We may not have got everything we aspired in Bangladesh. There is no doubt that we have spread education. We have been able to increase the number of educational institutions, even the number of universities; private universities, and technical universities are no less. But the question remains as to how much quality education is being ensured. Different streams of education from the primary level are not allowing our new generation to stand on the same footing. As the children of wealthy families go ahead with a different kind of education, it is again a cause of the disparity. We will make the mother tongue the medium of education or introduce Bengali at all levels—this was our pledge. To what extent have we been able to take the concerted effort required to accomplish that? How much progress has been made in Bengali quality book writing and even translation at the higher education level?

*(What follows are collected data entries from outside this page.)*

lemma same_block_interference_less:
  assumes i: "i \<in> {1..N}" and i': "i' \<in> {1..N}" and less: "i < i'"
  shows "lp_sum p ((T i ^^ hit K) (piece K i')) \<le> eps K"
proof -
  let ?D = "decay i' (2 * (int (m K) + slack i')) (hit K)"
  let ?F = "\<bar>lam i\<bar> powr real (hit K) * ?D"
  let ?s = "int (hit K) * int (d i) - int (hit K) * int (d i')"
  have "\<bar>(T i ^^ hit K) (piece K i') j\<bar> \<le> ?F * \<bar>z K i' (j + ?s)\<bar>" for j
  proof -
    have "\<bar>(T i ^^ hit K) (piece K i') j\<bar>
        \<le> \<bar>lam i\<bar> powr real (hit K) * \<bar>piece K i' (j + int (hit K) * int (d i))\<bar>"
      using d_pos[OF i] lam_gt_1[OF i] by (intro wshift_power_abs_le) auto
    also have "\<bar>piece K i' (j + int (hit K) * int (d i))\<bar> \<le> ?D * \<bar>z K i' (j + ?s)\<bar>"
      using abs_piece_le[OF i', of K "j + int (hit K) * int (d i)"] by (simp add: algebra_simps)
    then have "\<bar>lam i\<bar> powr real (hit K) * \<bar>piece K i' (j + int (hit K) * int (d i))\<bar>
        \<le> \<bar>lam i\<bar> powr real (hit K) * (?D * \<bar>z K i' (j + ?s)\<bar>)"
      by (rule mult_left_mono) simp
    finally show ?thesis by (simp add: algebra_simps)
  qed
  moreover have "bij (\<lambda>j. j + ?s)" by (rule bij_betwI[where g="\<lambda>j. j - ?s"]) auto
  moreover have "0 \<le> ?F" by (simp add: decay_nonneg)
  ultimately have "lp_sum p ((T i ^^ hit K) (piece K i')) \<le> ?F powr p * lp_sum p (z K i')"
    using lp_sum_le_scaled(2)[OF z_lp] p_pos by simp
  also have "\<dots> \<le> eps K"
    using admissible_hit[of K] i i' less unfolding admissible_def by blast
  finally show ?thesis .
qed

lemma abs_wshift_power_piece_overshoot_le:
  assumes i: "i \<in> {1..N}" and i': "i' \<in> {1..N}" and greater: "i' < i"
  shows "\<bar>(T i ^^ hit K) (piece K i') j\<bar>
    \<le> decay i' (2 * (int (m K) + slack i')) (hit K)
      * \<bar>z K i' (j + (int (hit K) * int (d i) - int (hit K) * int (d i')))\<bar>"
proof (cases "z K i' (j + (int (hit K) * int (d i) - int (hit K) * int (d i'))) = 0")
  case False
  let ?X = "int (hit K) * int (d i)" and ?X' = "int (hit K) * int (d i')"
  define r where "r = j + (?X - ?X')"
  have "\<bar>r\<bar> \<le> int (m K)" using z_support False by (simp add: r_def)
  moreover have "2 * (int (m K) + slack i) \<le> int (hit K)"
    using admissible_hit[of K] i by (simp add: admissible_def)
  moreover have "2 * ?X' + int (hit K) \<le> ?X"
    using mult_left_mono[of "2 * int (d i') + 1" "int (d i)" "int (hit K)"] d_gap[OF i' i greater]
    by (simp add: algebra_simps)
  moreover have "0 \<le> ?X'" by simp
  \<comment> \<open>the piece ends up farther from the origin than it started, so the weights multiply to at most 1\<close>
  ultimately have "\<bar>r + ?X'\<bar> - \<bar>r + ?X' - ?X\<bar> + 2 * (\<bar>l i\<bar> + int (d i)) \<le> 0"
    unfolding slack_def by (smt (verit))
  then have "E i (r + ?X') - E i (r + ?X' - ?X) \<le> 0"
    using weight_exponent_diff_le[OF d_pos[OF i], of 0 "r + ?X'" "r + ?X' - ?X" "l i" 0] by simp
  then have "\<bar>lam i\<bar> powr real_of_int (E i (r + ?X') - E i (r + ?X' - ?X)) \<le> \<bar>lam i\<bar> powr 0"
    using lam_gt_1[OF i] by (intro powr_mono) auto
  then have "\<bar>(T i ^^ hit K) (piece K i') j\<bar> \<le> \<bar>piece K i' (r + ?X')\<bar>"
    using i lam_gt_1[OF i]
    by (simp add: wshift_power d_pos lam_nonzero abs_mult abs_power_int_eq_powr r_def mult_left_le_one_le)
  also have "\<dots> \<le> decay i' (2 * (int (m K) + slack i')) (hit K) * \<bar>z K i' r\<bar>"
    using abs_piece_le[OF i', of K "r + ?X'"] by simp
  finally show ?thesis by (simp add: r_def)
next
  case True
  then show ?thesis
    using i i' by (simp add: wshift_power d_pos lam_nonzero piece_def algebra_simps)
qed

Bangla Academy organises a book fair in the month of the language movement. The book fair has expanded over time and its fame has spread far and wide. On this occasion, various types of books including literature are also being published. But if you look at the quality, someone may be disappointed in many cases. Anarchy is also going on in the use of language. Subjective use of language on social media is also responsible for this. However, writing in Bengali online has increased a lot. The participation of young people is significant. We need translation and promotion of high-quality literature written in Bengali in widely used languages including English. The ‘symbol of the nation’s mind’ Bangla Academy should also come forward in this work. It should not be forgotten that the Bangla Academy is a direct creation of the language movement.

The fact that 21 February is now declared by UNESCO as ‘International Mother Language Day’ is an honour for us. To protect the dignity of such recognition, we must again pay attention to protecting the spoken language of small ethnic groups in our country. Arrangements should be made so that their children receive education in their mother tongue and at the same time join the mainstream of development. As the language movement has made us proud, it has also made us responsible for certain tasks, which cannot be avoided. We cannot glorify our own language and country if we fail to advance in education, and culture and become better human resources. In this case, steps should be taken to eliminate discrimination to ensure equality of opportunity.

In addition to working for economic liberation in this country, political and cultural development must be ensured. During the Pakistan era, we rejected the cultural divide and advanced by fostering the democratic spirit, which should not be avoided. We must move forward on the path of unity, not division. We need to nurture progressiveness. In the changing global situation, it is difficult to move forward in a different way between the backward elements in each country. There is no option to proceed in this way. Regarding our non-communal spirit and democratic culture, opportunism and compromise cannot be tolerated. It will cause great disaster in national life. As a result of this, one day it may be seen that even if we can move forward economically, politically and culturally we have fallen far behind. At the core of this fight is education. Therefore, the basis of unity rather than division should be strengthened in the field of education. Unfortunately, despite this progress, state-funded written and printed textbooks are facing unexpected controversies. The power of division is also getting an opportunity to appear with a statement. The supporters of the liberation war should be careful about these things.

February, the commemorative month of the language movement, should also bring us an opportunity for introspection. Let’s not get bogged down in the euphoric talk of great achievements that have not yet been achieved or are in danger of being undermined.